Records from a data collection

(* Let $\mathcal{T}$ be a projective Fraïssé family of finite trees whose distinguished epimorphisms are monotone and which allows splitting edges. Let $(G_i)_{i<\omega}$ with epimorphisms $f^m_n\colon G_m\to G_n$ be a Fraïssé sequence for $\mathcal{T}$, let $\mathbb{G}=\varprojlim G_i\subseteq\prod_i G_i$ be the projective Fraïssé limit and $\pi\colon\mathbb{G}\to|\mathbb{G}|$ its topological realization. Then $\pi$ maps every point of weak coherence of $\mathbb{G}$ to a ramification point of the dendrite $|\mathbb{G}|$.
   Context: Graphs have reflexive symmetric edge relations; topological graphs carry a compact, Hausdorff, zero-dimensional, second countable topology with closed edge set; finite graphs are discrete. An epimorphism $g\colon B\to A$ of topological graphs is a continuous surjection with: $\langle a_1,a_2\rangle\in E(A)$ iff some $b_i\in g^{-1}(a_i)$ satisfy $\langle b_1,b_2\rangle\in E(B)$. Connectedness: a topological graph is disconnected if its vertex set splits into two nonempty disjoint closed sets with no edges between them. An epimorphism is monotone if all fibres are connected. A finite tree is a finite connected graph without cycles of nontrivial edges; the order $\mathrm{ord}(a)$ of a vertex is its number of neighbours other than itself (= number of components of the tree minus $a$). For a monotone epimorphism $f\colon B\to A$ of finite trees and $a\in A$ with $\mathrm{ord}(a)=n\ge3$, let $A_0,\dots,A_{n-1}$ be the components of $A\setminus\{a\}$; $a$ is a point of weak coherence of $f$, witnessed by $b$, if $b\in f^{-1}(a)$, $m=\mathrm{ord}(b)\ge n$, and there is an injection $p\colon n\to m$ such that, with $B_0,\dots,B_{m-1}$ the components of $B\setminus\{b\}$, $f^{-1}(A_i)\subseteq B_{p(i)}$ for all $i$. A point $x=(x_i)\in\varprojlim G_i$ is a point of weak coherence of the limit if there is $k$ such that for all $l>k$, $x_l$ is a point of weak coherence of $f^{l+1}_l$ witnessed by $x_{l+1}$. A projective Fraïssé family is a class of finite graphs with a distinguished class of epimorphisms, countably many up to isomorphism, containing identities, closed under composition, with joint projection and projective amalgamation. A Fraïssé sequence is a sequence $(G_n)$ with compatible distinguished epimorphisms $f^m_n$ such that every member of the family is the image of some $G_n$ under a distinguished epimorphism, and for every distinguished $f\colon A\to G_m$ there are $n\ge m$ and distinguished $g\colon G_n\to A$ with $f\circ g=f^n_m$; its inverse limit (edges coordinatewise) is the projective Fraïssé limit. Allowing splitting edges: for every member $G$ and nontrivial edge $\{a,b\}$, replacing it by a path $a,\ast,b$ through a new vertex gives a member, and the maps collapsing $\ast$ to $a$, resp. $b$, are distinguished. Under these hypotheses $\mathbb G$ is a prespace (edge relation an equivalence relation), $\pi$ is the quotient map onto $|\mathbb{G}|=\mathbb{G}/E(\mathbb{G})$, and $|\mathbb{G}|$ is a dendrite (compact metrizable connected locally connected space with unique arcs between points). A ramification point of a dendrite $X$ is a point $x$ with $X\setminus\{x\}$ having more than two components. *)

theory Defs
  imports "HOL-Analysis.Analysis"
begin

type_synonym graph = "nat set \<times> (nat \<times> nat) set"

definition verts :: "graph \<Rightarrow> nat set" where "verts G = fst G"
definition edges :: "graph \<Rightarrow> (nat \<times> nat) set" where "edges G = snd G"

definition fin_graph :: "graph \<Rightarrow> bool" where
  "fin_graph G \<longleftrightarrow> finite (verts G) \<and> edges G \<subseteq> verts G \<times> verts G
     \<and> (\<forall>a\<in>verts G. (a, a) \<in> edges G) \<and> (\<forall>a b. (a, b) \<in> edges G \<longrightarrow> (b, a) \<in> edges G)"

text \<open>Epimorphism g : B \<rightarrow> A (only the values on verts B matter).\<close>
definition epi :: "graph \<Rightarrow> graph \<Rightarrow> (nat \<Rightarrow> nat) \<Rightarrow> bool" where
  "epi B A g \<longleftrightarrow> g ` verts B = verts A \<and>
     (\<forall>a1 a2. (a1, a2) \<in> edges A \<longleftrightarrow>
        (\<exists>b1 b2. b1 \<in> verts B \<and> b2 \<in> verts B \<and> g b1 = a1 \<and> g b2 = a2 \<and> (b1, b2) \<in> edges B))"

definition connected_set :: "graph \<Rightarrow> nat set \<Rightarrow> bool" where
  "connected_set G S \<longleftrightarrow> \<not> (\<exists>P Q. P \<union> Q = S \<and> P \<inter> Q = {} \<and> P \<noteq> {} \<and> Q \<noteq> {} \<and>
      (\<forall>p\<in>P. \<forall>q\<in>Q. (p, q) \<notin> edges G))"

definition gconnected :: "graph \<Rightarrow> bool" where
  "gconnected G \<longleftrightarrow> connected_set G (verts G)"

definition comps :: "graph \<Rightarrow> nat set \<Rightarrow> nat set set" where
  "comps G S = {C. C \<subseteq> S \<and> C \<noteq> {} \<and> connected_set G C \<and>
      (\<forall>D. C \<subseteq> D \<and> D \<subseteq> S \<and> connected_set G D \<longrightarrow> D = C)}"

definition has_cycle :: "graph \<Rightarrow> bool" where
  "has_cycle G \<longleftrightarrow> (\<exists>xs. distinct xs \<and> length xs \<ge> 3 \<and> set xs \<subseteq> verts G \<and>
      (\<forall>i. Suc i < length xs \<longrightarrow> (xs ! i, xs ! Suc i) \<in> edges G) \<and>
      (last xs, hd xs) \<in> edges G)"

definition fin_tree :: "graph \<Rightarrow> bool" where
  "fin_tree G \<longleftrightarrow> fin_graph G \<and> gconnected G \<and> \<not> has_cycle G"

definition ord :: "graph \<Rightarrow> nat \<Rightarrow> nat" where
  "ord G a = card {b \<in> verts G. b \<noteq> a \<and> (a, b) \<in> edges G}"

definition monotone_epi :: "graph \<Rightarrow> graph \<Rightarrow> (nat \<Rightarrow> nat) \<Rightarrow> bool" where
  "monotone_epi B A f \<longleftrightarrow> epi B A f \<and>
     (\<forall>a\<in>verts A. connected_set B {b \<in> verts B. f b = a})"

definition weak_coh_pt :: "graph \<Rightarrow> graph \<Rightarrow> (nat \<Rightarrow> nat) \<Rightarrow> nat \<Rightarrow> nat \<Rightarrow> bool" where
  "weak_coh_pt B A f a b \<longleftrightarrow> a \<in> verts A \<and> ord A a \<ge> 3 \<and> b \<in> verts B \<and> f b = a \<and>
     ord B b \<ge> ord A a \<and>
     (\<exists>p. inj_on p (comps A (verts A - {a})) \<and>
          p ` comps A (verts A - {a}) \<subseteq> comps B (verts B - {b}) \<and>
          (\<forall>C \<in> comps A (verts A - {a}). {x \<in> verts B. f x \<in> C} \<subseteq> p C))"

text \<open>A family: a set of finite graphs and a set of distinguished epimorphisms,
  given as triples (domain, codomain, map).\<close>

type_synonym family = "graph set \<times> (graph \<times> graph \<times> (nat \<Rightarrow> nat)) set"

definition distg :: "family \<Rightarrow> graph \<Rightarrow> graph \<Rightarrow> (nat \<Rightarrow> nat) \<Rightarrow> bool" where
  "distg \<F> B A f \<longleftrightarrow> (\<exists>h. (B, A, h) \<in> snd \<F> \<and> (\<forall>x\<in>verts B. h x = f x))"

definition proj_fraisse_family :: "family \<Rightarrow> bool" where
  "proj_fraisse_family \<F> \<longleftrightarrow>
     (\<forall>G\<in>fst \<F>. fin_graph G) \<and>
     (\<forall>(B, A, f)\<in>snd \<F>. B \<in> fst \<F> \<and> A \<in> fst \<F> \<and> epi B A f) \<and>
     (\<forall>G\<in>fst \<F>. distg \<F> G G id) \<and>
     (\<forall>C B A g f. distg \<F> C B g \<and> distg \<F> B A f \<longrightarrow> distg \<F> C A (f \<circ> g)) \<and>
     (\<forall>A\<in>fst \<F>. \<forall>B\<in>fst \<F>. \<exists>C\<in>fst \<F>. \<exists>f g. distg \<F> C A f \<and> distg \<F> C B g) \<and>
     (\<forall>A B C f g. distg \<F> B A f \<and> distg \<F> C A g \<longrightarrow>
        (\<exists>D\<in>fst \<F>. \<exists>f' g'. distg \<F> D B f' \<and> distg \<F> D C g' \<and>
            (\<forall>x\<in>verts D. f (f' x) = g (g' x))))"

definition split_edge :: "graph \<Rightarrow> nat \<Rightarrow> nat \<Rightarrow> nat \<Rightarrow> graph" where
  "split_edge G a b c = (insert c (verts G),
     (edges G - {(a, b), (b, a)}) \<union> {(a, c), (c, a), (c, b), (b, c), (c, c)})"

definition allows_splitting_edges :: "family \<Rightarrow> bool" where
  "allows_splitting_edges \<F> \<longleftrightarrow>
     (\<forall>G\<in>fst \<F>. \<forall>a b. (a, b) \<in> edges G \<and> a \<noteq> b \<longrightarrow>
        (\<exists>c. c \<notin> verts G \<and> split_edge G a b c \<in> fst \<F> \<and>
             distg \<F> (split_edge G a b c) G (\<lambda>x. if x = c then a else x) \<and>
             distg \<F> (split_edge G a b c) G (\<lambda>x. if x = c then b else x)))"

text \<open>Fraisse sequence: graphs G n and maps fs m n : G m \<rightarrow> G n for n \<le> m.\<close>
definition fraisse_sequence ::
  "family \<Rightarrow> (nat \<Rightarrow> graph) \<Rightarrow> (nat \<Rightarrow> nat \<Rightarrow> nat \<Rightarrow> nat) \<Rightarrow> bool" where
  "fraisse_sequence \<F> G fs \<longleftrightarrow>
     (\<forall>n. G n \<in> fst \<F>) \<and>
     (\<forall>n m. n \<le> m \<longrightarrow> distg \<F> (G m) (G n) (fs m n)) \<and>
     (\<forall>n. \<forall>x\<in>verts (G n). fs n n x = x) \<and>
     (\<forall>n m k. n \<le> m \<and> m \<le> k \<longrightarrow> (\<forall>x\<in>verts (G k). fs m n (fs k m x) = fs k n x)) \<and>
     (\<forall>A\<in>fst \<F>. \<exists>n f. distg \<F> (G n) A f) \<and>
     (\<forall>m A f. A \<in> fst \<F> \<and> distg \<F> A (G m) f \<longrightarrow>
        (\<exists>n\<ge>m. \<exists>g. distg \<F> (G n) A g \<and> (\<forall>x\<in>verts (G n). f (g x) = fs n m x)))"

definition lim_pts :: "(nat \<Rightarrow> graph) \<Rightarrow> (nat \<Rightarrow> nat \<Rightarrow> nat \<Rightarrow> nat) \<Rightarrow> (nat \<Rightarrow> nat) set" where
  "lim_pts G fs = {x. (\<forall>i. x i \<in> verts (G i)) \<and> (\<forall>n m. n \<le> m \<longrightarrow> fs m n (x m) = x n)}"

definition lim_edges :: "(nat \<Rightarrow> graph) \<Rightarrow> (nat \<Rightarrow> nat \<Rightarrow> nat \<Rightarrow> nat) \<Rightarrow> ((nat \<Rightarrow> nat) \<times> (nat \<Rightarrow> nat)) set" where
  "lim_edges G fs = {(x, y). x \<in> lim_pts G fs \<and> y \<in> lim_pts G fs \<and> (\<forall>i. (x i, y i) \<in> edges (G i))}"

What you are asked to do
For each line above that contains the word "union", give the line as it is written.

Output of the task
  "connected_set G S \<longleftrightarrow> \<not> (\<exists>P Q. P \<union> Q = S \<and> P \<inter> Q = {} \<and> P \<noteq> {} \<and> Q \<noteq> {} \<and>
     (edges G - {(a, b), (b, a)}) \<union> {(a, c), (c, a), (c, b), (b, c), (c, c)})"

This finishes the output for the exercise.